By Robert Bragg, Senior Software Engineer at Impossible Labs
Since joining Impossible Labs recently, I’ve jumped straight in the deep end with Glimpse:
Until physicists start hacking space time at human scales, we are unfortunately constrained by those pesky newtons in how we present ourselves. Add social conformance to the mix and we might not pick that Wonder Woman outfit in the morning. Glimpse is about extending self expression without real-world limits.
A system such as Glimpse needs to be able to recognise who we’re looking at, and to start with we are going to base that on facial features. We also want to be able to track mouth and limb movements, so that we can animate 3D avatars in sync with someone’s real body.
When it comes to understanding the face we can break that down into face detection (“oh look there’s a face”), recognition (“oh look it’s Pete”) and landmark detection (“Pete, you’re gawping!”).
Face detection is a good place to start as a prerequisite to landmark detection which is itself a prerequisite for face recognition. We also expect skeletal tracking (tracking a person’s body, arms and legs) will be simplified if we start knowing where the head is.
Methods for real-time face detection (Oh I’m sorry, is that your face?)
Support for real-time face detection is quite commonplace these days, with the Viola-Jones cascaded classifiers method being a major advancement back in 2001 and since 2005 Histogram of Oriented Gradients (HOG) methods have proven even more effective.
These methods first rely on some machine learning techniques to train a system based on labeled images of faces and in the case of HOG methods we can visualize the resulting representation used for detection like this:
Looking around for existing, usable implementations quickly led to Dlib with a well respected, open source implementation of fast HOG-based object detection including a pre-trained face detector model which made it a natural first-choice to investigate. Dlib also has a fast implementation of face landmark detection that will pinpoint these 68 features:
However, fast face detection is relative. Anecdotal references to these algorithms being ‘fast’ can be compared to them running on PC class hardware but we want them to run on mobile phones. My first (naive) cut at running Dlib’s face detector on a Lenovo Phab 2 took about 20 seconds to process a single camera frame. Yikes!
After instrumenting Dlib to measure where time was being spent, it became apparent that there are some low-hanging fruit to pick. Without too much trouble we can process a single camera frame in about 85 milliseconds, or about 12 updates per second. Incidentally, more than half of that time is spent just rotating and downsampling the large 1920x1080 camera frames we get from Google Tango, before Dlib handles the actual detection in about 30 milliseconds and landmark detection in about 10 milliseconds.

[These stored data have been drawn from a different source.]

(* Let $k\in\mathbb{Z}_+$ and let $a\in L_1(\mathbb{R}_+)$ be such that $\gamma_{a,k}\in L_\infty(\mathbb{R}_+)$, where $\gamma_{a,k}(\xi)=2\xi\int_{\mathbb{R}_+}a(v)\,\ell_k^2(2v\xi)\,\mathrm{d}v$, $\xi>0$. Then for each $n=1,2,\dots$, $$\lim_{\xi\to+\infty}\frac{\mathrm{d}^n\gamma_{a,k}(\xi)}{\mathrm{d}\xi^n}=0.$$
   Context: $\mathbb{R}_+=(0,\infty)$, $\mathbb{Z}_+=\{0,1,2,\dots\}$. $L_k(x)=\sum_{i=0}^k(-1)^i\binom{k}{i}\frac{x^i}{i!}$ is the Laguerre polynomial of degree $k$ and $\ell_k(x)=e^{-x/2}L_k(x)$. *)

theory Defs
  imports "HOL-Analysis.Analysis"
begin

definition laguerre :: "nat \<Rightarrow> real \<Rightarrow> real" where
  "laguerre k x = (\<Sum>i=0..k. (-1)^i * real (k choose i) * x^i / fact i)"

definition laguerre_fun :: "nat \<Rightarrow> real \<Rightarrow> real" where
  "laguerre_fun k x = exp (- x / 2) * laguerre k x"

definition gamma_ak :: "(real \<Rightarrow> real) \<Rightarrow> nat \<Rightarrow> real \<Rightarrow> real" where
  "gamma_ak a k \<xi> = 2 * \<xi> * (LINT v:{0<..}|lborel. a v * (laguerre_fun k (2 * v * \<xi>))^2)"

end

theory Submission
  imports Defs "HOL-Computational_Algebra.Polynomial"
begin

text \<open>
  With the polynomial \<open>P(x) = L\<^sub>k(2x)\<^sup>2\<close> one has \<open>\<ell>\<^sub>k(2v\<xi>)\<^sup>2 = exp(-2v\<xi>) P(v\<xi>)\<close>, so
  \<open>\<gamma>\<^sub>a\<^sub>,\<^sub>k(\<xi>) = 2\<xi> \<Phi>(\<xi>)\<close> with \<open>\<Phi>(\<xi>) = \<integral> a(v) v^m exp(-2v\<xi>) p(v\<xi>) dv\<close> for \<open>m = 0\<close>, \<open>p = P\<close>.
  Because \<open>x^m exp(-2x) p(x)\<close> is bounded on \<open>[0,\<infinity>)\<close>, the integrand and its \<open>\<xi>\<close>-derivative
  are dominated by multiples of \<open>|a|\<close>, locally uniformly in \<open>\<xi> > 0\<close>; differentiating under the
  integral sign replaces \<open>(m, p)\<close> by \<open>(m + 1, p' - 2p)\<close>, and the Leibniz rule gives
  \<open>\<gamma>\<^sup>(\<^sup>n\<^sup>) = 2\<xi> \<Phi>\<^sub>n + 2n \<Phi>\<^sub>n\<^sub>-\<^sub>1\<close>. Finally \<open>\<xi>^m \<Phi>(\<xi>) = \<integral> a(v) (v\<xi>)^m exp(-2v\<xi>) p(v\<xi>) dv\<close> tends
  to 0 by dominated convergence, so both terms vanish at infinity once \<open>n \<ge> 1\<close>.
\<close>

lemma integral_dominated_convergence_at:
  fixes s :: "'c::first_countable_topology \<Rightarrow> 'a \<Rightarrow> 'b::{banach, second_countable_topology}"
  assumes "f \<in> borel_measurable M" and "integrable M w"
    and lim: "AE v in M. ((\<lambda>t. s t v) \<longlongrightarrow> f v) (at x)"
    and bound: "\<forall>\<^sub>F t in at x. s t \<in> borel_measurable M \<and> (AE v in M. norm (s t v) \<le> w v)"
  shows "((\<lambda>t. integral\<^sup>L M (s t)) \<longlongrightarrow> integral\<^sup>L M f) (at x)"
  unfolding tendsto_at_iff_sequentially comp_def
proof (intro allI impI)
  fix X :: "nat \<Rightarrow> 'c"
  assume "\<forall>i. X i \<in> UNIV - {x}" and "X \<longlonglongrightarrow> x"
  then have X: "filterlim X (at x) sequentially"
    by (simp add: filterlim_at)
  from filterlim_iff[THEN iffD1, OF X, rule_format, OF bound]
  obtain N where N: "\<And>n. N \<le> n \<Longrightarrow> s (X n) \<in> borel_measurable M \<and> (AE v in M. norm (s (X n) v) \<le> w v)"
    by (auto simp: eventually_sequentially)
  show "(\<lambda>n. integral\<^sup>L M (s (X n))) \<longlonglongrightarrow> integral\<^sup>L M f"
  proof (rule LIMSEQ_offset, rule integral_dominated_convergence)
    show "AE v in M. (\<lambda>n. s (X (n + N)) v) \<longlonglongrightarrow> f v"
      using lim
    proof eventually_elim
      case (elim v)
      from filterlim_compose[OF elim X] show ?case
        by (rule LIMSEQ_ignore_initial_segment[unfolded comp_def])
    qed
  qed (use N assms(1,2) in auto)
qed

Next steps: Tracking body movements
There is still lots of opportunity to speed this up, but it’s also good enough for now that we can start looking ahead to some of the other interesting challenges for Glimpse.
We are now reviewing the state of the art in research around skeletal tracking. Microsoft’s research on real-time skeletal tracking using depth images might provide a solid base, but more recent research on skeletal tracking using standard RGB cameras offers the tantalising prospect that we might not require specialized depth cameras.
We’ll keep updating here on the Glimpse progress, so keep your eyes peeled.